(Data supplied Opens)
lemma dgen_row1_matrix:
  "dgen M 1 = (\<lambda>m. \<alpha> * skw_monom (0, 2, 0) m + \<beta> * skw_monom (0, 0, 2) m)"
  "dgen M 2 = (\<lambda>m. 0)" "dgen M 3 = (\<lambda>m. 0)"
proof -
  have "skw_mult (skw_gen 2) (skw_gen 2) = (skw_monom (0, 2, 0) :: 'a skw)"
    "skw_mult (skw_gen 3) (skw_gen 3) = (skw_monom (0, 0, 2) :: 'a skw)"
    by (simp_all add: skw_gen_eq_monom skw_mult_monom_monom skw_smult_def, simp_all add: numeral_2_eq_2)
  with M show "dgen M 1 = (\<lambda>m. \<alpha> * skw_monom (0, 2, 0) m + \<beta> * skw_monom (0, 0, 2) m)"
    by (simp add: dgen_def row1_matrix_def)
  show "dgen M 2 = (\<lambda>m. 0)" "dgen M 3 = (\<lambda>m. 0)"
    using M by (simp_all add: dgen_def row1_matrix_def)
qed

lemma dword_row1_matrix_23: "dword M (replicate b 2 @ replicate c 3) = (\<lambda>m. 0)"
  by (induction b) (induction c, auto simp: dgen_row1_matrix skw_add_def skw_smult_def)

lemma dword_row1_matrix:
  "dword M (replicate a 1 @ replicate b 2 @ replicate c 3) =
     (if odd a then (\<lambda>m. \<alpha> * skw_monom (a - 1, b + 2, c) m + \<beta> * skw_monom (a - 1, b, c + 2) m)
      else (\<lambda>m. 0))"
proof (induction a)
  case 0
  then show ?case by (simp add: dword_row1_matrix_23)
next
  case (Suc a)
  have "dword M (replicate (Suc a) 1 @ replicate b 2 @ replicate c 3) =
      skw_add (skw_mult (dgen M 1) (skw_monom (a, b, c)))
        (skw_smult (-1) (skw_mult (skw_gen 1) (dword M (replicate a 1 @ replicate b 2 @ replicate c 3))))"
    by (simp only: replicate_Suc append_Cons dword.simps wprod_replicate_123)
  also have "\<dots> = (if odd (Suc a)
      then (\<lambda>m. \<alpha> * skw_monom (Suc a - 1, b + 2, c) m + \<beta> * skw_monom (Suc a - 1, b, c + 2) m)
      else (\<lambda>m. 0))"
    unfolding Suc dgen_row1_matrix
    by (rule skw_ext) (simp add: skw_add_def skw_smult_def skw_mult_linear_left skw_mult_monom_monom
      skw_gen_eq_monom skw_mult_monom_left, auto simp: skw_monom_def dest!: odd_pos)
  finally show ?case .
qed

lemma dword_mword_row1_matrix: "dword M (mword a) = row1_diff \<alpha> \<beta> (skw_monom a)"
proof (cases a)
  case (fields a1 a2 a3)
  show ?thesis
  proof (rule skw_ext)
    fix m1 m2 m3
    show "dword M (mword a) (m1, m2, m3) = row1_diff \<alpha> \<beta> (skw_monom a) (m1, m2, m3)"
      unfolding fields mword.simps dword_row1_matrix row1_diff_def skw_monom_def
      by (cases "odd a1") (auto dest: odd_pos)
  qed
qed

lemma skw_d_row1_matrix:
  assumes "p \<in> skw_carrier"
  shows "skw_d M p = row1_diff \<alpha> \<beta> p"
proof (rule skw_ext)
  fix m1 m2 m3
  have expand: "(\<Sum>a | p a \<noteq> 0. p a * (c * skw_monom a b)) = c * p b" for b and c :: 'a
    using skw_sum_monom[OF assms] by (simp add: mult.left_commute flip: sum_distrib_left)
  show "skw_d M p (m1, m2, m3) = row1_diff \<alpha> \<beta> p (m1, m2, m3)"
    by (simp add: skw_d_def dword_mword_row1_matrix row1_diff_def distrib_left sum.distrib expand)
qed

end


definition graded_alg_aut :: "('a::field skw \<Rightarrow> 'a skw) \<Rightarrow> bool" where
  "graded_alg_aut f \<longleftrightarrow> bij_betw f skw_carrier skw_carrier
     \<and> (\<forall>p\<in>skw_carrier. \<forall>q\<in>skw_carrier. f (skw_add p q) = skw_add (f p) (f q))
     \<and> (\<forall>c. \<forall>p\<in>skw_carrier. f (skw_smult c p) = skw_smult c (f p))
     \<and> (\<forall>p\<in>skw_carrier. \<forall>q\<in>skw_carrier. f (skw_mult p q) = skw_mult (f p) (f q))
     \<and> f skw_one = skw_one
     \<and> (\<forall>n. \<forall>p\<in>skw_homog n. f p \<in> skw_homog n)"

lemma graded_alg_aut_carrier:
  assumes "graded_alg_aut f" "p \<in> skw_carrier"
  shows "f p \<in> skw_carrier"
proof -
  from assms(1) have "bij_betw f skw_carrier skw_carrier"
    by (simp add: graded_alg_aut_def)
  from bij_betw_apply[OF this assms(2)] show ?thesis .
qed

lemma graded_alg_aut_comp:
  assumes f: "graded_alg_aut f" and g: "graded_alg_aut g"
  shows "graded_alg_aut (f \<circ> g)"
  unfolding graded_alg_aut_def
proof (intro conjI ballI allI)
  note g_carrier = graded_alg_aut_carrier[OF g]
  show "bij_betw (f \<circ> g) skw_carrier skw_carrier"
    using f g unfolding graded_alg_aut_def by (blast intro: bij_betw_trans)
  show "(f \<circ> g) (skw_add p q) = skw_add ((f \<circ> g) p) ((f \<circ> g) q)"
    if "p \<in> skw_carrier" "q \<in> skw_carrier" for p q
    using f g that g_carrier unfolding graded_alg_aut_def by simp
  show "(f \<circ> g) (skw_smult c p) = skw_smult c ((f \<circ> g) p)" if "p \<in> skw_carrier" for c p
    using f g that g_carrier unfolding graded_alg_aut_def by simp
  show "(f \<circ> g) (skw_mult p q) = skw_mult ((f \<circ> g) p) ((f \<circ> g) q)"
    if "p \<in> skw_carrier" "q \<in> skw_carrier" for p q
    using f g that g_carrier unfolding graded_alg_aut_def by simp
  show "(f \<circ> g) skw_one = skw_one"
    using f g unfolding graded_alg_aut_def by simp
  show "(f \<circ> g) p \<in> skw_homog n" if "p \<in> skw_homog n" for n p
    using f g that unfolding graded_alg_aut_def by simp
qed

lemma dg_iso_row1_matrixI:
  assumes "graded_alg_aut f" "row1_matrix M \<alpha> \<beta>" "row1_matrix N \<alpha>' \<beta>'"
    and "\<And>p. f (row1_diff \<alpha> \<beta> p) = row1_diff \<alpha>' \<beta>' (f p)"
  shows "dg_iso M N"
proof -
  have "f (skw_d M p) = skw_d N (f p)" if "p \<in> skw_carrier" for p
    using that assms(4) graded_alg_aut_carrier[OF assms(1)]
    by (simp add: skw_d_row1_matrix[OF assms(2)] skw_d_row1_matrix[OF assms(3)])
  with assms(1) show ?thesis
    unfolding dg_iso_def graded_alg_aut_def by blast
qed

definition skw_scale :: "'a::field \<Rightarrow> 'a \<Rightarrow> 'a \<Rightarrow> 'a skw \<Rightarrow> 'a skw" where
  "skw_scale c1 c2 c3 p = (\<lambda>(a1, a2, a3). c1 ^ a1 * c2 ^ a2 * c3 ^ a3 * p (a1, a2, a3))"

lemma skw_scale_nonzero: "skw_scale c1 c2 c3 p a \<noteq> 0 \<Longrightarrow> p a \<noteq> 0"
  by (cases a) (simp add: skw_scale_def)

lemma skw_scale_carrier: "p \<in> skw_carrier \<Longrightarrow> skw_scale c1 c2 c3 p \<in> skw_carrier"
  unfolding skw_carrier_def by (auto elim!: finite_subset[rotated] dest: skw_scale_nonzero)

lemma skw_scale_scale: "skw_scale a1 a2 a3 (skw_scale b1 b2 b3 p) = skw_scale (a1 * b1) (a2 * b2) (a3 * b3) p"
  by (rule skw_ext) (simp add: skw_scale_def power_mult_distrib ac_simps)

lemma skw_scale_1 [simp]: "skw_scale 1 1 1 p = p"
  by (rule skw_ext) (simp add: skw_scale_def)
(Data supplied Closes)
* [What you have to do]: The count of lines in the records above holding the word "proof" should be reported as a number, with nothing added.

* [Written solution]: 8